Computer programming is a field dominated by men, right?
Well, in terms of sheer numbers that’s true. Data from the US Bureau of Labor Statistics shows that 73% of US computer science workers are male coders. Across technology generally, women are underrepresented.
But, recent research suggests that women are considered better coders – but only if they hide their gender.
Here are five female coders who have made significant contributions to the field – and indeed helped change the world.
Margaret Hamilton was director of software engineering for the project that wrote the code for the Apollo Guide Computer (AGC). Developed at the MIT Instrumentation Laboratory for the Apollo 11 mission, the programmers literally had to start from scratch.

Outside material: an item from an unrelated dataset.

(* Let $\mathcal{A}$ be a finite alphabet, $\mathbf{p}$ an irreducible pair on $\mathcal{A}$ and $\mathbf{q}$ any pair in the labeled extended Rauzy class of $\mathbf{p}$. Then $\mathcal{P}(\mathbf{q})=\mathcal{P}(\mathbf{p})$.
   Context: Let $n=\#\mathcal{A}$. A pair is $\mathbf{p}=(p_0,p_1)$ with $p_0,p_1:\mathcal{A}\to\{1,\dots,n\}$ bijections. Irreducible: $p_0^{-1}\{1,\dots,k\}\ne p_1^{-1}\{1,\dots,k\}$ for $1\le k<n$. Rauzy move of type $\varepsilon$: $\varepsilon\mathbf{p}=(p'_0,p'_1)$, $p'_\varepsilon=p_\varepsilon$, and for $z=p_\varepsilon^{-1}(n)$, $p'_{1-\varepsilon}(b)=p_{1-\varepsilon}(b)$ if $p_{1-\varepsilon}(b)\le p_{1-\varepsilon}(z)$, $=p_{1-\varepsilon}(b)+1$ if $p_{1-\varepsilon}(z)<p_{1-\varepsilon}(b)<n$, $=p_{1-\varepsilon}(z)+1$ if $p_{1-\varepsilon}(b)=n$. Left Rauzy move of type $\varepsilon$: $\tilde\varepsilon\mathbf{p}=(p'_0,p'_1)$, $p'_\varepsilon=p_\varepsilon$, and for $a=p_\varepsilon^{-1}(1)$, $p'_{1-\varepsilon}(b)=p_{1-\varepsilon}(a)-1$ if $p_{1-\varepsilon}(b)=1$, $=p_{1-\varepsilon}(b)-1$ if $1<p_{1-\varepsilon}(b)<p_{1-\varepsilon}(a)$, unchanged otherwise. The labeled extended Rauzy class of $\mathbf{p}$ is the set of pairs reachable from $\mathbf{p}$ by Rauzy and left Rauzy moves of both types. $\mathcal{S}(\mathbf{p}):\mathcal{A}\to\mathcal{A}$: $\mathcal{S}(\mathbf{p})(\alpha)=p_0^{-1}(1)$ if $p_1(\alpha)=1$; $=p_0^{-1}(p_0(p_1^{-1}(n))+1)$ if $p_1(\alpha)=p_1(p_0^{-1}(n))+1$; $=p_0^{-1}(p_0(p_1^{-1}(p_1(\alpha)-1))+1)$ otherwise. $\mathcal{Y}(\mathbf{p})$ is the first return map of $\mathcal{S}(\mathbf{p})$ to $\mathcal{A}\setminus\{p_0^{-1}(1)\}$ (i.e. $\mathcal{Y}(\mathbf{p})(b)=\mathcal{S}(\mathbf{p})^2(b)$ if $p_1(b)=1$ and $\mathcal{S}(\mathbf{p})(b)$ otherwise), and $\mathcal{P}(\mathbf{p})$ is the unordered list, with multiplicity, of the cycle lengths of $\mathcal{Y}(\mathbf{p})$. *)

theory Defs
  imports Main "HOL-Library.Multiset" "HOL-Library.Cardinality"
begin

The team wrote the code for the first portable computer. Their work made the first moon landing possible and spawned a new industry. Hamilton became an expert in systems programming, but as she explained to Wired:
“When I first got into it, nobody knew what it was that we were doing. It was like the Wild West. There was no course in it. They didn’t teach it.”
Rear Admiral Dr Grace Murray Hopper pioneered the development of accessible computer programming languages written in English.
She believed opening up computing to business and non-scientific applications required simpler programming languages. Established wisdom was that computers didn’t understand English and it took years before her ideas were accepted.
But through her perseverance she developed a means of programming using words rather than numbers – most notably the COBOL (Common Business Orientated Language) language.
She was described by US talk show host David Letterman as the ‘Queen of Software’.
The ENIAC women
A group of six young women who developed the first all-electronic, programmable computer as part of the US Army’s World War Two effort. When the ENIAC was first unveiled, the women received no recognition.
The daughter of British poet Lord Byron, Ada Lovelace was a Victorian mathematician. She worked with Charles Babbage on his calculating machines – he called her the “enchantress of numbers”.
At the time few women studied science or maths, and she is widely considered the founder of computing science and the world’s first computer programmer.
The British Science Museum argues she foreshadowed modern computing by a century, by understanding the ability of the calculating machines to “manipulate symbols rather than just numbers”.
Her notes on a translation of an Italian description of the machine include what is considered as the very first algorithm designed for machine processing. She also suggested the possibilities of such a device for creating graphics or music.
Immortalized in film by Keira Knightley in The Imitation Game, Joan Clarke worked alongside Alan Turing at Bletchley Park – the British codebreaking centre during World War Two.
Clarke (later Murray) worked on the project to break the German Enigma ciphers. A Cambridge mathematician, she and the rest of the team built some of the earliest computers, known as bombes. These were used to decipher German codes. It is frequently suggested that their efforts shortened the war by up to two years.
Clarke was originally employed as a clerical worker at Bletchley. Once she was promoted to work on code-breaking, she had to be officially designated as linguist, because there were no procedures in place for a senior female cryptanalyst.
She is reported to have taken great pleasure in completing forms with “Grade: Linguist, Languages: none.”